Two FOI certainties
Australia was an international leader in enacting a national Freedom of Information Act in 1982. The national initiative was quickly followed in all States and Territories. This is a proud heritage and underpins an acceptance that transparency and representative democracy are intertwined.
Therein lies the first of two FOI certainties: that FOI legislation will remain permanently on the Australian statute book. It is now part of the constitutional fabric.
Everyone in government agrees that, intrinsically, access to information legislation is a healthy and essential element of Australian democratic government. Or, at least, that is everyone’s public position. No-one attempts or is prepared to argue seriously that we would be better off without an FOI Act.
Probably too it would be an unachievable goal to wind the clock back. Government cannot function in the present age without a web presence and a customer service strategy. Releasing information and responding to information requests are central to both. Nor would it require much imagination for courts, tribunals and ombudsmen to weave disclosure requirements into public law doctrines such as natural justice, rationality and good administration.
And the second certainty? FOI legislation will be unpopular and contested in every phase of government. Few will say so publicly, but most bureaucrats and government ministers find FOI requests to be irritating, time-wasting, distracting and inhibiting to internal deliberations. While the easiest and least painful response will usually be to release documents that have been requested, FOI processes are frequently characterised by creative and passive resistance.
That is why all major parties go through a mood swing, depending on whether they are in opposition or government. In opposition they champion their commitment to transparent government, and sometimes follow through quickly when elected to office. But they quickly lose heart, as Labor did after introducing far-reaching FOI reforms in 2010 that included the creation of the Office of the Australian Information Commissioner (OAIC). Not long after, Labor’s enthusiasm for open government waned. Leadership messages advocating greater openness became scarce, access denials that lacked merit became more common, and there was a failure to engage in foreshadowed policy discussion about tweaking the FOI reforms.

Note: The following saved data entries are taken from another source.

section \<open>Derivations vanish on algebraic extensions\<close>

context
  fixes K :: "real set" and D :: "real \<Rightarrow> real"
  assumes K: "real_subfield K"
    and D_add: "\<And>v w. v \<in> K \<Longrightarrow> w \<in> K \<Longrightarrow> D (v + w) = D v + D w"
    and D_mult: "\<And>v w. v \<in> K \<Longrightarrow> w \<in> K \<Longrightarrow> D (v * w) = v * D w + w * D v"
begin

lemma real_subfield_derivation_kernel: "real_subfield {v \<in> K. D v = 0}"
proof -
  have D0: "D 0 = 0" using D_add[of 0 0] real_subfield_0[OF K] by simp
  have D1: "D 1 = 0" using D_mult[of 1 1] real_subfield_1[OF K] by simp
  have D_diff: "D (v - w) = D v - D w" if "v \<in> K" "w \<in> K" for v w
    using D_add[of "v - w" w] real_subfield_diff[OF K that] that by simp
  have D_inverse: "D (inverse v) = 0" if "v \<in> K" "v \<noteq> 0" "D v = 0" for v
    using D_mult[of v "inverse v"] real_subfield_inverse[OF K] that D1 by simp
  show ?thesis
    unfolding real_subfield_def
    by (simp add: D0 D1 D_add D_diff D_mult D_inverse real_subfield_0[OF K] real_subfield_1[OF K]
        real_subfield_add[OF K] real_subfield_diff[OF K] real_subfield_mult[OF K]
        real_subfield_inverse[OF K])
qed

lemma derivation_eval_rat_poly:
  assumes "x \<in> K"
  shows "D (eval_rat_poly p x) = eval_rat_poly (pderiv p) x * D x"
proof (induction p)
  case 0
  show ?case using real_subfield_derivation_kernel by (simp add: real_subfield_def)
next
  case (pCons c p)
  have "of_rat c \<in> {v \<in> K. D v = 0}"
    by (rule real_subfield_Rats[OF real_subfield_derivation_kernel]) simp
  moreover have "eval_rat_poly p x \<in> K" using K assms by (rule eval_rat_poly_in_subfield)
  ultimately show ?case
    using assms pCons.IH
    by (simp add: pderiv_pCons D_add D_mult real_subfield_mult[OF K] algebra_simps)
qed

end

lemma derivation_rat_adjoin_eq_0:
  assumes "algebraic a"
    and D_add: "\<And>v w. v \<in> rat_adjoin a \<Longrightarrow> w \<in> rat_adjoin a \<Longrightarrow> D (v + w) = D v + D w"
    and D_mult: "\<And>v w. v \<in> rat_adjoin a \<Longrightarrow> w \<in> rat_adjoin a \<Longrightarrow> D (v * w) = v * D w + w * D v"
    and "v \<in> rat_adjoin a"
  shows "D v = 0"
proof -
  note K = real_subfield_rat_adjoin
  obtain f where "rat_minpoly a f" using assms(1) by (rule rat_minpoly_exists)
  have "eval_rat_poly (pderiv f) a * D a = D (eval_rat_poly f a)"
    using derivation_eval_rat_poly[OF K D_add D_mult rat_adjoin_generator] by simp
  also have "\<dots> = 0"
    using \<open>rat_minpoly a f\<close> real_subfield_derivation_kernel[OF K D_add D_mult]
    by (simp add: rat_minpoly.root real_subfield_def)
  finally have "D a = 0" using rat_minpoly.pderiv_root_nonzero[OF \<open>rat_minpoly a f\<close>] by simp
  then have "rat_adjoin a \<subseteq> {v \<in> rat_adjoin a. D v = 0}"
    using rat_adjoin_generator
    by (intro rat_adjoin_least real_subfield_derivation_kernel[OF K D_add D_mult]) auto
  with assms(4) show ?thesis by blast
qed

section \<open>The ordering induced by a split of the positive cone\<close>

lemma Rats_pos_nat_fraction:
  fixes q :: real
  assumes "q \<in> \<rat>" "0 < q"
  obtains m k :: nat where "0 < m" "0 < k" "q = of_nat m / of_nat k"
proof -
  obtain i j :: int where "0 < j" "q = of_int i / of_int j"
    using assms(1) by (elim Rats_cases') blast
  moreover from this assms(2) have "0 < i"
    by (auto simp: zero_less_divide_iff)
  ultimately show ?thesis by (intro that[of "nat i" "nat j"]) simp_all
qed

locale positive_split =
  fixes K H1 H2 :: "real set"
  assumes subfield: "real_subfield K"
    and cover: "H1 \<union> H2 = {x \<in> K. x > 0}"
    and disjoint: "H1 \<inter> H2 = {}"
    and closed1: "add_mult_closed H1"
    and closed2: "add_mult_closed H2"
begin

lemmas K_add = real_subfield_add[OF subfield]
  and K_diff = real_subfield_diff[OF subfield]
  and K_mult = real_subfield_mult[OF subfield]
  and K_uminus = real_subfield_uminus[OF subfield]
  and K_Rats = real_subfield_Rats[OF subfield]

lemma H1_in_K: "x \<in> H1 \<Longrightarrow> x \<in> K"
  and H1_pos: "x \<in> H1 \<Longrightarrow> 0 < x"
  and H1_or_H2: "x \<in> K \<Longrightarrow> 0 < x \<Longrightarrow> x \<in> H1 \<or> x \<in> H2"
  and H1_not_H2: "x \<in> H1 \<Longrightarrow> x \<notin> H2"
  using cover disjoint by blast+

lemma H1_add: "x \<in> H1 \<Longrightarrow> y \<in> H1 \<Longrightarrow> x + y \<in> H1"
  and H1_mult: "x \<in> H1 \<Longrightarrow> y \<in> H1 \<Longrightarrow> x * y \<in> H1"
  using closed1 unfolding add_mult_closed_def by blast+

lemma H1_of_nat_mult: "x \<in> H1 \<Longrightarrow> 0 < n \<Longrightarrow> of_nat n * x \<in> H1"
proof (induction n)
  case (Suc n)
  then show ?case using H1_add[of x "of_nat n * x"] by (cases "n = 0") (auto simp: distrib_right)
qed simp

end

sublocale positive_split \<subseteq> swap: positive_split K H2 H1
  using subfield cover disjoint closed1 closed2 by unfold_locales auto

context positive_split
begin

lemma H1_rat_mult:
  assumes x: "x \<in> H1" and q: "q \<in> \<rat>" "0 < q"
  shows "q * x \<in> H1"
proof (rule ccontr)
  obtain m k :: nat where mk: "0 < m" "0 < k" "q = of_nat m / of_nat k"
    using q by (rule Rats_pos_nat_fraction)
  assume "q * x \<notin> H1"
  then have "q * x \<in> H2"
    using H1_or_H2[of "q * x"] x q H1_in_K[OF x] H1_pos[OF x]
      K_mult[OF K_Rats[OF q(1)]] by auto
  then have "of_nat k * (q * x) \<in> H2" using \<open>0 < k\<close> by (rule swap.H1_of_nat_mult)
  moreover have "of_nat k * (q * x) = of_nat m * x" using mk by simp
  ultimately show False using H1_of_nat_mult[OF x \<open>0 < m\<close>] H1_not_H2 by simp
qed

lemma H1_diff_H2:
  assumes "u \<in> H1" "y \<in> H2" "y < u"
  shows "u - y \<in> H1"
proof (rule ccontr)
  assume "u - y \<notin> H1"
  then have "u - y \<in> H2"
    using assms H1_or_H2[of "u - y"] K_diff[OF H1_in_K swap.H1_in_K] by auto
  then have "(u - y) + y \<in> H2" using assms(2) by (rule swap.H1_add)
  with assms(1) H1_not_H2 show False by simp
qed

end

(* Reopened so that the swapped instances of the two lemmas above become available. *)
context positive_split
begin

definition positive :: "real \<Rightarrow> bool" where
  "positive v \<longleftrightarrow> v \<in> H1 \<or> - v \<in> H2"

definition nonneg :: "real \<Rightarrow> bool" where
  "nonneg v \<longleftrightarrow> v = 0 \<or> positive v"

lemma positive_in_K: "positive v \<Longrightarrow> v \<in> K"
  unfolding positive_def by (metis H1_in_K swap.H1_in_K K_uminus minus_minus)

lemma H1_positive: "x \<in> H1 \<Longrightarrow> positive x"
  and H2_positive_uminus: "y \<in> H2 \<Longrightarrow> positive (- y)"
  unfolding positive_def by simp_all

lemma positive_H1_diff_H2:
  assumes "u \<in> H1" "y \<in> H2"
  shows "positive (u - y)"
proof -
  have "u \<noteq> y" using assms H1_not_H2 by blast
  then consider "y < u" | "u < y" by linarith
  then show ?thesis
  proof cases
    case 1
    then show ?thesis using H1_diff_H2 assms by (simp add: positive_def)
  next
    case 2
    then show ?thesis using swap.H1_diff_H2 assms by (simp add: positive_def)
  qed
qed

lemma positive_add:
  assumes "positive v" "positive w"
  shows "positive (v + w)"
  using assms H1_add[of v w] swap.H1_add[of "- v" "- w"]
    positive_H1_diff_H2[of v "- w"] positive_H1_diff_H2[of w "- v"]
  unfolding positive_def by (auto simp: add.commute)

lemma positive_or_positive_uminus:
  assumes "v \<in> K" "v \<noteq> 0"
  shows "positive v \<or> positive (- v)"
proof (cases "0 < v")
  case True
  then show ?thesis using assms H1_or_H2[of v] unfolding positive_def by auto
next
  case False
  with assms have "- v \<in> K" "0 < - v" using K_uminus by auto
  then show ?thesis using H1_or_H2[of "- v"] unfolding positive_def by auto
qed

lemma positive_uminus_not_positive: "positive v \<Longrightarrow> \<not> positive (- v)"
  using H1_pos[of v] H1_pos[of "- v"] swap.H1_pos[of v] swap.H1_pos[of "- v"]
    H1_not_H2[of v] H1_not_H2[of "- v"]
  unfolding positive_def by auto

lemma positive_rat_mult:
  assumes "q \<in> \<rat>" "0 < q" "positive v"
  shows "positive (q * v)"
  using assms H1_rat_mult[of v q] swap.H1_rat_mult[of "- v" q] unfolding positive_def by auto

lemma not_positive_0: "\<not> positive 0"
  using positive_uminus_not_positive[of 0] by auto

lemma nonneg_0: "nonneg 0"
  by (simp add: nonneg_def)

lemma nonneg_add: "nonneg v \<Longrightarrow> nonneg w \<Longrightarrow> nonneg (v + w)"
  unfolding nonneg_def using positive_add by auto

lemma positive_add_nonneg: "positive v \<Longrightarrow> nonneg w \<Longrightarrow> positive (v + w)"
  unfolding nonneg_def using positive_add by auto

lemma nonneg_rat_mult: "q \<in> \<rat> \<Longrightarrow> 0 \<le> q \<Longrightarrow> nonneg v \<Longrightarrow> nonneg (q * v)"
  unfolding nonneg_def using positive_rat_mult by (cases "q = 0") auto

lemma nonneg_sum: "(\<And>i. i \<in> I \<Longrightarrow> nonneg (g i)) \<Longrightarrow> nonneg (sum g I)"
  by (induction I rule: infinite_finite_induct) (simp_all add: nonneg_0 nonneg_add)

lemma nonneg_or_positive_uminus: "v \<in> K \<Longrightarrow> nonneg v \<or> positive (- v)"
  unfolding nonneg_def using positive_or_positive_uminus by auto

lemma positive_uminus_not_nonneg: "positive v \<Longrightarrow> \<not> nonneg (- v)"
  unfolding nonneg_def using positive_uminus_not_positive not_positive_0 by auto

lemma nonneg_unit_bound:
  fixes b q s :: "nat \<Rightarrow> real"
  assumes "1 \<in> H1" and s: "\<And>i. s i = 1 \<or> s i = - 1" and sb: "\<And>i. i < n \<Longrightarrow> nonneg (s i * b i)"
    and q: "\<And>i. q i \<in> \<rat>"
  shows "nonneg ((1 + (\<Sum>i<n. \<bar>q i\<bar>)) * (1 + (\<Sum>i<n. s i * b i)) - (\<Sum>i<n. q i * b i))"
proof -
  define N where "N = 1 + (\<Sum>i<n. \<bar>q i\<bar>)"
  have N_Rats: "N \<in> \<rat>" unfolding N_def using q by (intro Rats_add Rats_sum) auto
  have N_ge: "\<bar>q i\<bar> \<le> N" if "i < n" for i
  proof -
    have "\<bar>q i\<bar> \<le> (\<Sum>i<n. \<bar>q i\<bar>)" using that by (intro member_le_sum) auto
    then show ?thesis unfolding N_def by simp
  qed
  have summand: "(N - s i * q i) * (s i * b i) = N * (s i * b i) - q i * b i" for i
    using s[of i] by (auto simp: algebra_simps)
  have "N * (1 + (\<Sum>i<n. s i * b i)) - (\<Sum>i<n. q i * b i)
      = N * 1 + (\<Sum>i<n. (N - s i * q i) * (s i * b i))"
    unfolding summand by (simp add: sum_subtractf sum_distrib_left algebra_simps)
  moreover have "nonneg (N * 1)"
    using N_Rats H1_positive[OF assms(1)] unfolding N_def
    by (intro nonneg_rat_mult) (auto simp: nonneg_def intro: sum_nonneg)
  moreover have "nonneg ((N - s i * q i) * (s i * b i))" if "i < n" for i
  proof (rule nonneg_rat_mult)
    show "N - s i * q i \<in> \<rat>" using N_Rats q s[of i] by auto
    show "0 \<le> N - s i * q i" using N_ge[OF that] s[of i] by auto
  qed (rule sb[OF that])
  ultimately show ?thesis unfolding N_def[symmetric] by (auto intro!: nonneg_add nonneg_sum)
qed

text \<open>The order unit is \<open>1 + (\<Sum>i<n. \<bar>b i\<bar>)\<close>, absolute values taken with respect to \<open>nonneg\<close>.\<close>
lemma order_unit_of_finite_span:
  fixes b :: "nat \<Rightarrow> real"
  assumes "1 \<in> H1" and b: "\<And>i. i < n \<Longrightarrow> b i \<in> K"
    and span: "\<And>v. v \<in> K \<Longrightarrow> \<exists>q. (\<forall>i. q i \<in> \<rat>) \<and> v = (\<Sum>i<n. q i * b i)"
  shows "\<exists>e. positive e \<and> (\<forall>v\<in>K. \<exists>N\<in>\<rat>. nonneg (N * e - v))"
proof -
  define s where "s i = (if nonneg (b i) then 1 else - 1 :: real)" for i
  have s: "s i = 1 \<or> s i = - 1" for i by (simp add: s_def)
  have sb: "nonneg (s i * b i)" if "i < n" for i
    using nonneg_or_positive_uminus[OF b[OF that]] by (auto simp: s_def nonneg_def)
  define e where "e = 1 + (\<Sum>i<n. s i * b i)"
  have "positive e"
    unfolding e_def using H1_positive[OF assms(1)] sb
    by (intro positive_add_nonneg nonneg_sum) auto
  moreover have "\<exists>N\<in>\<rat>. nonneg (N * e - v)" if "v \<in> K" for v
  proof -
    obtain q where q: "\<And>i. q i \<in> \<rat>" and v: "v = (\<Sum>i<n. q i * b i)"
      using span[OF \<open>v \<in> K\<close>] by blast
    have "1 + (\<Sum>i<n. \<bar>q i\<bar>) \<in> \<rat>" using q by (intro Rats_add Rats_sum) auto
    moreover have "nonneg ((1 + (\<Sum>i<n. \<bar>q i\<bar>)) * e - v)"
      unfolding e_def v using assms(1) s sb q by (rule nonneg_unit_bound)
    ultimately show ?thesis by blast
  qed
  ultimately show ?thesis by blast
qed

end

section \<open>The functional attached to an order unit\<close>

locale split_order_unit = positive_split +
  fixes e :: real
  assumes unit_positive: "positive e"
    and unit_bound: "v \<in> K \<Longrightarrow> \<exists>N\<in>\<rat>. nonneg (N * e - v)"
begin

definition L :: "real \<Rightarrow> real" where
  "L v = Sup {r \<in> \<rat>. nonneg (v - r * e)}"

lemma unit_in_K: "e \<in> K"
  using unit_positive by (rule positive_in_K)

lemma rat_unit_in_K: "r \<in> \<rat> \<Longrightarrow> r * e \<in> K"
  using K_mult K_Rats unit_in_K by blast

lemma positive_rat_unit: "r \<in> \<rat> \<Longrightarrow> 0 < r \<Longrightarrow> positive (r * e)"
  using positive_rat_mult unit_positive by blast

Similarly, the Coalition parties, who were active users of the FOI Act while in opposition, acted quickly in government to play a different tune. An early signal was their decision to abolish the OAIC – predictably badged as a measure to improve efficiency in resolving access to information disputes. Twenty months later, when it is clear that Parliamentary support for abolition is lacking and the OAIC (a statutory office) has been left in limbo, there is a failure by government to engage in constructive review of the abolition decision.
The same mood shifts have occurred in other political systems. Every Information Commissioner office in Australia has encountered turmoil at some time or another – for example, through long periods in Queensland, Victoria and WA when there was only an Acting Commissioner in the role. Similarly, in Britain the Government’s displeasure with FOI is apparent in measures taken to review the FOI Act, even though the Prime Minister is an international champion of the Open Government Partnership and the open data revolution.
Why information custodians dislike FOI
Just as these mood swings are predictable, they are also understandable. The operation of the FOI Act is entangled with politics. It is readily apparent to any minister’s office that the unstated aim of many FOI requests is to pressure or embarrass the government. That is to be expected in a democracy, but it is equally to be expected that a government will resist its political opponents – and particularly when they are likely to use the tag line ‘secret documents freed under FOI’.
Bureaucrats, for different reasons, also have strong and understandable reservations about FOI. The premature public release of briefing documents for a minister can complicate the agency-minister relationship and instigate an unhelpful public debate that can delay or distort the political resolution of an issue. Equally, many internal documents are prepared with a particular recipient or purpose in mind and are styled in that way. Had public release of the document been intended it may have been written differently, though be of less value to the intended recipient.
Generally, too, government agencies are now more transparent, responsive and engaged. A great deal of information is available on government websites about programs and policies; senior agency personnel participate frequently in public forums; and many public servants reply helpfully on the phone or email when queried about a decision. It is understandable in that setting that agencies may regard FOI requests as unwelcome and time-wasting.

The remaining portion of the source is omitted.